Placed on Assembly Suspense file May 12

AB 4 (Arambula, D-Fresno)

Support

AB 4 would extend eligibility for full Medi-Cal benefits to anyone, regardless of age, who is otherwise eligible for those benefits but for their immigration status.

Two-year bill

AB 1400 (Kalra, D-San Jose)

Oppose

Also known as the California Guaranteed Health Care for All Act, or CalCare, AB 1400 would create a comprehensive universal single-payer health care coverage program in California. It would cover a wide range of medical benefits and services and require a governing board to seek all waivers necessary and allow existing federal health care payments to be paid to CalCare. Sponsored by the California Nurses Association. This bill is not scheduled to be heard before the deadline to pass its policy committee.

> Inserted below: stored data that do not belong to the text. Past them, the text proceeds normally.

(* Let $n\ge3$, $\gamma<1$ real, and $z_1,\dots,z_n\in\mathbb{C}$ not all zero with $\frac{\gamma}{n}\big(\sum_\ell z_\ell\big)^2=\sum_\ell z_\ell^2$. Then for each $N$ with $3\le N\le n$ there exists a full lift of $(z_1,\dots,z_n;\gamma)$ in $\mathbb{R}^N$. Moreover, for $N=3$: suppose $$n\sum_\ell|z_\ell|^2+(\gamma-2)\Big|\sum_\ell z_\ell\Big|^2\neq0 .$$ Put $\rho=\frac12\sum_\ell|z_\ell|^2-\frac{\gamma}{2n}\big|\sum_\ell z_\ell\big|^2$, $\sigma=\gamma\rho/(1-\gamma)$, $u_1=\sum_\ell\alpha_\ell/\sqrt{n(\sigma+\rho)}$, $u_2=\sum_\ell\beta_\ell/\sqrt{n(\sigma+\rho)}$, $u_3=\sqrt{1-u_1^2-u_2^2}$, let $A$ be the $3\times n$ real matrix with rows $(\alpha_1,\dots,\alpha_n)$, $(\beta_1,\dots,\beta_n)$, $(1,\dots,1)$, and $\vec b=u_3\,(\sigma u_1,\ \sigma u_2,\ \sqrt{n(\sigma+\rho)})^t$. Then $u_3>0$, $A$ has rank $3$, and the lifts in $\mathbb{R}^3$ are exactly the matrices $W$ with rows $(\alpha_\ell)$, $(\beta_\ell)$, $\vec t^{\,t}$ where $\vec t=\pm A^t(AA^t)^{-1}\vec b$, i.e. $\vec t$ is the minimal Euclidean norm solution of $A\vec t=\pm\vec b$; in particular the lift in $\mathbb{R}^3$ is unique up to the sign $\vec t\mapsto-\vec t$.
   Context: Write $z_\ell=\alpha_\ell+i\beta_\ell$ with $\alpha_\ell,\beta_\ell$ real. For $N\ge3$, a lift of $(z_1,\dots,z_n;\gamma)$ in $\mathbb{R}^N$ is a real $N\times n$ matrix $W=(\vec x_1|\cdots|\vec x_n)$ whose first row is $(\alpha_1,\dots,\alpha_n)$ and second row is $(\beta_1,\dots,\beta_n)$ (so $z_\ell$ is the orthogonal projection $y\mapsto y_1+iy_2$ of $\vec x_\ell$), such that for some unit vector $\vec u\in\mathbb{R}^N$ and reals $\rho>0$, $\sigma$ with $\rho+\sigma>0$ and $\gamma=\sigma/(\sigma+\rho)$: $WW^t=\rho I_N+\sigma\vec u\vec u^{\,t}$ and $\sum_\ell\vec x_\ell=\sqrt{n(\sigma+\rho)}\,\vec u$. (Equivalently, $W$ is the matrix of a configured star in $\mathbb{R}^N$ with internal vertex $0$ whose external vertices project to the $z_\ell$, with invariant $\sigma/(\sigma+\rho)=\gamma$.) The lift is full if the external vertices do not lie in a proper linear subspace, i.e. $W$ has rank $N$. *)

theory Defs
  imports Complex_Main "Jordan_Normal_Form.DL_Rank" "Jordan_Normal_Form.Gauss_Jordan_Elimination"
begin

text \<open>Indices are 0-based: the points are z 0, ..., z (n-1); a real N x n matrix W has
  columns x_l (l < n) = the external vertices. Row 0 is the real parts, row 1 the
  imaginary parts.\<close>

definition is_lift :: "nat \<Rightarrow> (nat \<Rightarrow> complex) \<Rightarrow> real \<Rightarrow> nat \<Rightarrow> real mat \<Rightarrow> bool" where
  "is_lift n z \<gamma> N W \<longleftrightarrow>
     W \<in> carrier_mat N n \<and>
     (\<forall>l<n. W $$ (0, l) = Re (z l) \<and> W $$ (1, l) = Im (z l)) \<and>
     (\<exists>(u :: real vec) (\<rho> :: real) (\<sigma> :: real).
        u \<in> carrier_vec N \<and> u \<bullet> u = 1 \<and> \<rho> > 0 \<and> \<rho> + \<sigma> > 0 \<and>
        \<gamma> = \<sigma> / (\<sigma> + \<rho>) \<and>
        W * W\<^sup>T = \<rho> \<cdot>\<^sub>m 1\<^sub>m N + \<sigma> \<cdot>\<^sub>m mat N N (\<lambda>(i, j). u $ i * u $ j) \<and>
        vec N (\<lambda>i. \<Sum>l<n. W $$ (i, l)) = sqrt (real n * (\<sigma> + \<rho>)) \<cdot>\<^sub>v u)"

definition is_full_lift :: "nat \<Rightarrow> (nat \<Rightarrow> complex) \<Rightarrow> real \<Rightarrow> nat \<Rightarrow> real mat \<Rightarrow> bool" where
  "is_full_lift n z \<gamma> N W \<longleftrightarrow> is_lift n z \<gamma> N W \<and> vec_space.rank N W = N"

end

theory Submission
  imports Defs
begin

text \<open>
  Write \<open>\<alpha>\<close>, \<open>\<beta>\<close> for the real and imaginary parts of the \<open>z\<^sub>l\<close> and \<open>1\<close> for the all-ones
  vector of \<open>\<real>\<^sup>n\<close>. A matrix is a lift iff its rows \<open>R\<^sub>i\<close> satisfy
  \<open>\<langle>R\<^sub>i, R\<^sub>j\<rangle> = \<rho> \<delta>\<^sub>i\<^sub>j + \<sigma> u\<^sub>i u\<^sub>j\<close> and \<open>\<langle>R\<^sub>i, 1\<rangle> = c u\<^sub>i\<close> with \<open>c = \<surd>(n(\<sigma> + \<rho>))\<close>.
  The relation between \<open>z\<close> and \<open>\<gamma>\<close> says exactly that \<open>\<alpha>\<close>, \<open>\<beta>\<close> satisfy these conditions with
  the given \<open>\<rho>\<close>, \<open>\<sigma>\<close>, \<open>u\<^sub>1\<close>, \<open>u\<^sub>2\<close>, and Cauchy-Schwarz gives \<open>\<rho> > 0\<close>. Positivity of the Gram
  matrix of \<open>\<alpha>\<close>, \<open>\<beta>\<close>, \<open>1\<close> forces \<open>u\<^sub>1\<^sup>2 + u\<^sub>2\<^sup>2 \<le> 1\<close>, with equality exactly in the degenerate
  case excluded in the second part. Lifts in \<open>\<real>\<^sup>N\<close> are built by appending rows: the vector \<open>t\<close>
  (only when \<open>u\<^sub>1\<^sup>2 + u\<^sub>2\<^sup>2 < 1\<close>; otherwise \<open>1\<close> already lies in the span of \<open>\<alpha>\<close>, \<open>\<beta>\<close>), then
  \<open>\<surd>\<rho>\<close> times an orthonormal family orthogonal to everything before. Every lift is full
  because \<open>W W\<^sup>T = \<rho> I + \<sigma> u u\<^sup>T\<close> is invertible. In \<open>\<real>\<^sup>3\<close> the data \<open>\<rho>\<close>, \<open>\<sigma>\<close>, \<open>u\<close> of a lift are
  forced up to the sign of \<open>u\<^sub>3\<close>, so its third row has the same inner products with \<open>\<alpha>\<close>, \<open>\<beta>\<close>,
  \<open>1\<close> and itself as \<open>\<plusminus>t\<close> and hence equals \<open>\<plusminus>t\<close>.
\<close>

definition dot :: "nat \<Rightarrow> (nat \<Rightarrow> real) \<Rightarrow> (nat \<Rightarrow> real) \<Rightarrow> real" where
  "dot n f g = (\<Sum>l<n. f l * g l)"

Placed on Assembly Suspense file April 28

AB 1130 (Wood, D-Santa Rosa)

Oppose Unless Amended

AB 1130 would establish, within the Office of Statewide Health Planning and Development (OSHPD), an Office of Health Care Affordability. The office would analyze the health care market for cost trends and drivers, develop policies for lowering health care spending costs for consumers, set and enforce cost targets, and create a state strategy for controlling the cost of health care and ensuring affordability for consumers and purchasers. Also released by the administration on Feb. 18 was budget trailer bill language, similar to AB 1130, that would establish an Office of Health Care Affordability within OSHPD.

Pending

Placed on Assembly Suspense file April 28

AB 1331 (Irwin, D-Thousand Oaks)

Cosponsor

AB 1331 would establish, under the Department of Health Care Services, a full-time statewide director of crisis services. The director would be responsible for various tasks, including coordinating behavioral health programs and services statewide, to ensure continuity of services and access points and to enhance cross-agency information exchange and resource sharing. CHA is cosponsoring this bill with NAMI California.

Pending

Placed on Senate Suspense file May 10

SB 379 Wiener (D-San Francisco)

Oppose

SB 379 would prohibit the University of California (UC) from entering, amending, or renewing any contract with any health facility in which a UC health care practitioner or trainee providing care in the facility under that contract would be limited, due to policy-based restrictions on care, in their ability to provide patients with medical information or medical services.

Pending

Placed on Assembly Suspense file April 27

AB 1204 (Wicks, D-Oakland)

Oppose Unless Amended

AB 1204 would add new categories to the definition of vulnerable communities for community benefits reporting purposes. It would require hospitals and provider groups to annually submit an equity report that includes analyses of health status and access to care disparities for patients on the basis of race, ethnicity, and payer, and of employment disparities for employees on the basis of race, ethnicity, and gender. It would also require plans for addressing those disparities.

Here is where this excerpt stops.